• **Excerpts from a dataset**
(* Let $\alpha\ge1$, $N\ge2$, and let $\mathbf{X}^\wedge(t)$ be the Markov chain with generator $\mathcal{L}_{N,\alpha}$ started from $\wedge=(N,\dots,N)$. Then for every $k\in\{1,\dots,N-1\}$ and every $t\ge0$, $$\mathbb{E}[X^\wedge_k(t)]\le k+2Ne^{-\mathrm{gap}_Nt},\qquad \mathrm{gap}_N=1-\cos(\pi/N).$$ In particular, for $K\in\mathbb{N}$, $u_i=\lfloor iN/K\rfloor$ and $W(x)=\sum_{i=1}^{K-1}(x_{u_i}-u_i)$, the law $\mu_t$ of $\mathbf{X}^\wedge(t)$ satisfies $\mu_t(W)\le2KNe^{-\mathrm{gap}_Nt}$ for all $t\ge0$.
   Context: $\Omega_N=\{x\in\mathbb{R}^{N-1}:0\le x_1\le\dots\le x_{N-1}\le N\}$, $x_0=0,x_N=N$; $\rho_\alpha(u)=\frac{\Gamma(2\alpha)}{\Gamma(\alpha)^2}[u(1-u)]^{\alpha-1}$; $(\mathcal{L}_{N,\alpha}f)(x)=\sum_{i=1}^{N-1}\int_0^1(f(x^{(i,u)})-f(x))\rho_\alpha(u)du$ with $x^{(i,u)}_j=x_j$ ($j\ne i$), $x^{(i,u)}_i=ux_{i-1}+(1-u)x_{i+1}$. *)

theory Defs
  imports "HOL-Analysis.Analysis"
begin

text \<open>Configurations x = (x_0, x_1, ..., x_N) are functions nat to real; x_0 = 0 and
  x_N = N are the fixed boundary values, coordinates 1..N-1 move.\<close>

definition rho :: "real \<Rightarrow> real \<Rightarrow> real" where
  "rho \<alpha> u = Gamma (2 * \<alpha>) / (Gamma \<alpha>)^2 * (u * (1 - u)) powr (\<alpha> - 1)"

definition resample :: "(nat \<Rightarrow> real) \<Rightarrow> nat \<Rightarrow> real \<Rightarrow> nat \<Rightarrow> real" where
  "resample x i u = x(i := u * x (i - 1) + (1 - u) * x (i + 1))"

definition gen :: "nat \<Rightarrow> real \<Rightarrow> ((nat \<Rightarrow> real) \<Rightarrow> real) \<Rightarrow> (nat \<Rightarrow> real) \<Rightarrow> real" where
  "gen N \<alpha> f x = (\<Sum>i = 1..N - 1. integral {0..1} (\<lambda>u. (f (resample x i u) - f x) * rho \<alpha> u))"

text \<open>The generator is bounded (total jump rate N-1), so the transition semigroup of the
  Markov chain is exp(tL) = sum_n t^n L^n / n!; expectations E_x[f(X(t))] = semigroup N alpha t f x.\<close>
definition semigroup :: "nat \<Rightarrow> real \<Rightarrow> real \<Rightarrow> ((nat \<Rightarrow> real) \<Rightarrow> real) \<Rightarrow> (nat \<Rightarrow> real) \<Rightarrow> real" where
  "semigroup N \<alpha> t f x = (\<Sum>n. t ^ n / fact n * ((gen N \<alpha> ^^ n) f) x)"

definition wedge :: "nat \<Rightarrow> nat \<Rightarrow> real" where
  "wedge N i = (if i = 0 then 0 else real N)"

definition gap :: "nat \<Rightarrow> real" where
  "gap N = 1 - cos (pi / real N)"

definition Wfun :: "nat \<Rightarrow> nat \<Rightarrow> (nat \<Rightarrow> real) \<Rightarrow> real" where
  "Wfun N K x = (\<Sum>i = 1..K - 1. x (i * N div K) - real (i * N div K))"

end

(*
  Acting on an affine observable, the generator only sees the mean drift: since rho_alpha has
  mean 1/2, resampling site i moves x_i on average to the midpoint of its neighbours.  Hence
  E[X(t)] solves the discrete heat equation for half the Dirichlet Laplacian with boundary
  values 0 and N.  Expanding the wedge in the sine eigenbasis gives
    E[X_k(t)] = k + sum_m cot(m pi / 2N) sin(m k pi / N) exp(-(1 - cos(m pi / N)) t).
  The coefficients lie in [0, N] and 1 - cos(m pi / N) >= m gap_N, so once exp(-gap_N t) <= 1/2
  the sum is dominated by a geometric series of total at most 2N exp(-gap_N t); for smaller t
  the bound E[X_k(t)] <= N suffices.
*)
theory Submission
  imports Defs
begin

lemma cot_mul_sin_telescope:
  fixes y :: real
  assumes "sin (y / 2) \<noteq> 0"
  shows "cot (y / 2) * sin (real k * y) = (\<Sum>l=1..k. cos (real l * y) + cos (real (l - 1) * y))"
proof (induction k)
  case 0
  then show ?case by simp
next
  case (Suc k)
  have half_angles: "(real (Suc k) * y - real k * y) / 2 = y / 2"
      "(real (Suc k) * y + real k * y) / 2 = (2 * real k + 1) * y / 2"
    by (simp_all add: algebra_simps)
  have "sin (real (Suc k) * y) - sin (real k * y) = 2 * sin (y / 2) * cos ((2 * real k + 1) * y / 2)"
    using sin_diff_sin[of "real (Suc k) * y" "real k * y"] unfolding half_angles by simp
  moreover have "cos (real (Suc k) * y) + cos (real k * y) = 2 * cos ((2 * real k + 1) * y / 2) * cos (y / 2)"
    using cos_plus_cos[of "real (Suc k) * y" "real k * y"] unfolding half_angles by simp
  ultimately show ?case
    using Suc assms by (simp add: cot_def algebra_simps)
qed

• **What is required**
From the records, copy every line that has the string "Wfun" in it.

• **Task solution**
definition Wfun :: "nat \<Rightarrow> nat \<Rightarrow> (nat \<Rightarrow> real) \<Rightarrow> real" where
  "Wfun N K x = (\<Sum>i = 1..K - 1. x (i * N div K) - real (i * N div K))"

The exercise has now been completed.